Die Wiederholung der Transformation im argininauxotrophen Chlamydomonas-Stamm cw15⁺ führte dagegen zu einer deutlichen Erhöhung zeozinresistenter Transformanten und ermöglichte somit eine bessere Auswahl potentieller lox-Rezipienten. Trotz der höheren Anzahl an Transformanten konnten nur zwei cw15⁺-2loxP-APH-Klone gefunden werden, welche die Expressionskassette nur einmal und vollständig integriert aufwiesen und für die Cre-vermittelte Rekombination als Teststamm zur Verfügung standen.

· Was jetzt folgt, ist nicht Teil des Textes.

(* Let $\mathcal{E}=\langle\mathrm{Env},A,\Rightarrow\rangle$ be an environment LTS and $\mathcal{P}=\langle\mathrm{Pr},A,\to\rangle$ a process LTS such that $\mathcal{P}$ contains a universal process, contains $\mathcal{E}$ (i.e. $\mathrm{Env}\subseteq\mathrm{Pr}$ with the same transitions), and is closed under joins. Then for all environments $e,f\in\mathrm{Env}$ (not necessarily image-finite): (1) $e\le f \iff\ \le^{ji}_f\ \subseteq\ \le^{ji}_e$; (2) $e\le f \iff\ \ge^{ji}_f\ \subseteq\ \ge^{ji}_e$, where $\ge^{ji}_g$ is the converse of $\le^{ji}_g$; (3) $e\le f \iff\ \simeq^{ji}_f\ \subseteq\ \simeq^{ji}_e$.
   Context: A labeled transition system (LTS) is a triple $\langle \mathrm{St},A,\to\rangle$ with states, actions, and transitions $s\xrightarrow{a}t$. A process LTS $\mathcal{P}=\langle \mathrm{Pr},A,\to\rangle$ has states called processes; an environment LTS $\mathcal{E}=\langle\mathrm{Env},A,\Rightarrow\rangle$ has states called environments, transitions $e\xRightarrow{a}e'$. A simulation is a nonempty relation $S$ on states such that $s\,S\,t$ and $s\xrightarrow{a}s'$ imply some $t\xrightarrow{a}t'$ with $s'\,S\,t'$; $s\le t$ iff some simulation relates $s$ to $t$; a bisimulation is a relation $B$ with $B$ and its converse simulations, and $\sim$ is bisimilarity. A process $u\in\mathrm{Pr}$ is universal if for every $a\in A$ there is a transition $u\xrightarrow{a}u'$ with $u'\sim u$. $\mathcal{P}$ is closed under joins if for all $s_1,s_2\in\mathrm{Pr}$ there is $s_1\mathbin{\&}s_2\in\mathrm{Pr}$ whose transitions are exactly $s_1\mathbin{\&}s_2\xrightarrow{a}s_1'\mathbin{\&}s_2'$ for $s_1\xrightarrow{a}s_1'$, $s_2\xrightarrow{a}s_2'$. The join LTS $\mathcal{P}\mathbin{\&}\mathcal{E}$ has states $p\mathbin{\&}e$ and transitions $p\mathbin{\&}e\xrightarrow{a}p'\mathbin{\&}e'$ iff $p\xrightarrow{a}p'$ and $e\xRightarrow{a}e'$. $p\le^{ji}_e q$ iff $p\mathbin{\&}e\le q\mathbin{\&}e$; $p\simeq^{ji}_e q$ iff $p\le^{ji}_e q$ and $q\le^{ji}_e p$. *)

theory Defs
  imports Main
begin
text \<open>The terms with n - j = 0 involve only the initial value x0 and cancel in the difference;
  accordingly A_LM and B_LM have no block column for w^0.\<close>

lemma st_res_diff:
  assumes "\<forall>n\<in>{1..Nt}. k n \<le> n"
  shows "(\<lambda>n. st_res f x0 T Nt k alpha beta w n - st_res f x0 T Nt k alpha beta y n)
    = (\<lambda>n. blk_apply Nt (LM_mat k alpha) (\<lambda>m. w m - y m) n
        - (T / real Nt) *\<^sub>R blk_apply Nt (LM_mat k beta)
            (\<lambda>m. f (w m) (real m * (T / real Nt)) - f (y m) (real m * (T / real Nt))) n)"
proof
  fix n
  define t where "t m = real m * (T / real Nt)" for m
  define hA where "hA m = ext0 x0 w m - ext0 x0 y m" for m
  define hB where "hB m = f (ext0 x0 w m) (t m) - f (ext0 x0 y m) (t m)" for m
  show "st_res f x0 T Nt k alpha beta w n - st_res f x0 T Nt k alpha beta y n
    = blk_apply Nt (LM_mat k alpha) (\<lambda>m. w m - y m) n
        - (T / real Nt) *\<^sub>R blk_apply Nt (LM_mat k beta) (\<lambda>m. f (w m) (t m) - f (y m) (t m)) n"
  proof (cases "n \<in> {1..Nt}")
    case False
    then show ?thesis by (simp add: st_res_def blk_apply_def del: atLeastAtMost_iff)
  next
    case True
    have kn: "k n \<le> n" using True assms by blast
    have "lm_res f x0 T Nt k alpha beta w n - lm_res f x0 T Nt k alpha beta y n
        = (\<Sum>j=0..k n. alpha n j *\<^sub>R hA (n - j)) - (T / real Nt) *\<^sub>R (\<Sum>j=0..k n. beta n j *\<^sub>R hB (n - j))"
      unfolding lm_res_def hA_def hB_def t_def
      by (simp add: sum_subtractf scaleR_diff_right algebra_simps)
    also have "\<dots> = blk_apply Nt (LM_mat k alpha) hA n - (T / real Nt) *\<^sub>R blk_apply Nt (LM_mat k beta) hB n"
    proof -
      have "hA 0 = 0" "hB 0 = 0" by (simp_all add: hA_def hB_def ext0_def)
      then show ?thesis
        using LM_sum_eq_blk_apply[where k=k and h=hA and c=alpha, OF True kn]
          LM_sum_eq_blk_apply[where k=k and h=hB and c=beta, OF True kn]
        by simp
    qed
    also have "\<dots> = blk_apply Nt (LM_mat k alpha) (\<lambda>m. w m - y m) n
        - (T / real Nt) *\<^sub>R blk_apply Nt (LM_mat k beta) (\<lambda>m. f (w m) (t m) - f (y m) (t m)) n"
    proof -
      have "blk_apply Nt c hA = blk_apply Nt c (\<lambda>m. w m - y m)"
        and "blk_apply Nt c hB = blk_apply Nt c (\<lambda>m. f (w m) (t m) - f (y m) (t m))" for c
        by (rule blk_apply_cong, simp add: hA_def hB_def ext0_def)+
      then show ?thesis by simp
    qed
    finally show ?thesis using True by (simp add: st_res_def)
  qed
qed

Bei allen weiteren bisher untersuchten Kulturen (mit loxP-, loxGA- bzw. loxAC-Expressionskassette) handelte es sich um Klone mit Mehrfachinsertionen, die eine spätere Analyse bezüglich ihrer Rekombination erschweren würden. Zudem hat sich gezeigt, dass Transformanten, die die Expressionskassette mehrfach enthalten, das Fusionsgen ble-crluc nach längerer Kultivierung ohne Selektionsdruck infolge von Silencingmechanismen stilllegen (17), und somit eine Analyse bezüglich des Phänotyps (Zeozinresistenz, Luciferaseaktivität, Paromomyzinresistenz) unmöglich machen. Bis zum Ende der Arbeit konnten für die loxAC- und die loxGA-Erkennungssequenz keine geeigneten Teststämme generiert werden. Die anfängliche Analyse durch überlappende PCR-Reaktionen hat sich als nicht ausreichend herausgestellt. Die Untersuchung von weiteren möglichen Rezipienten ist in Bearbeitung.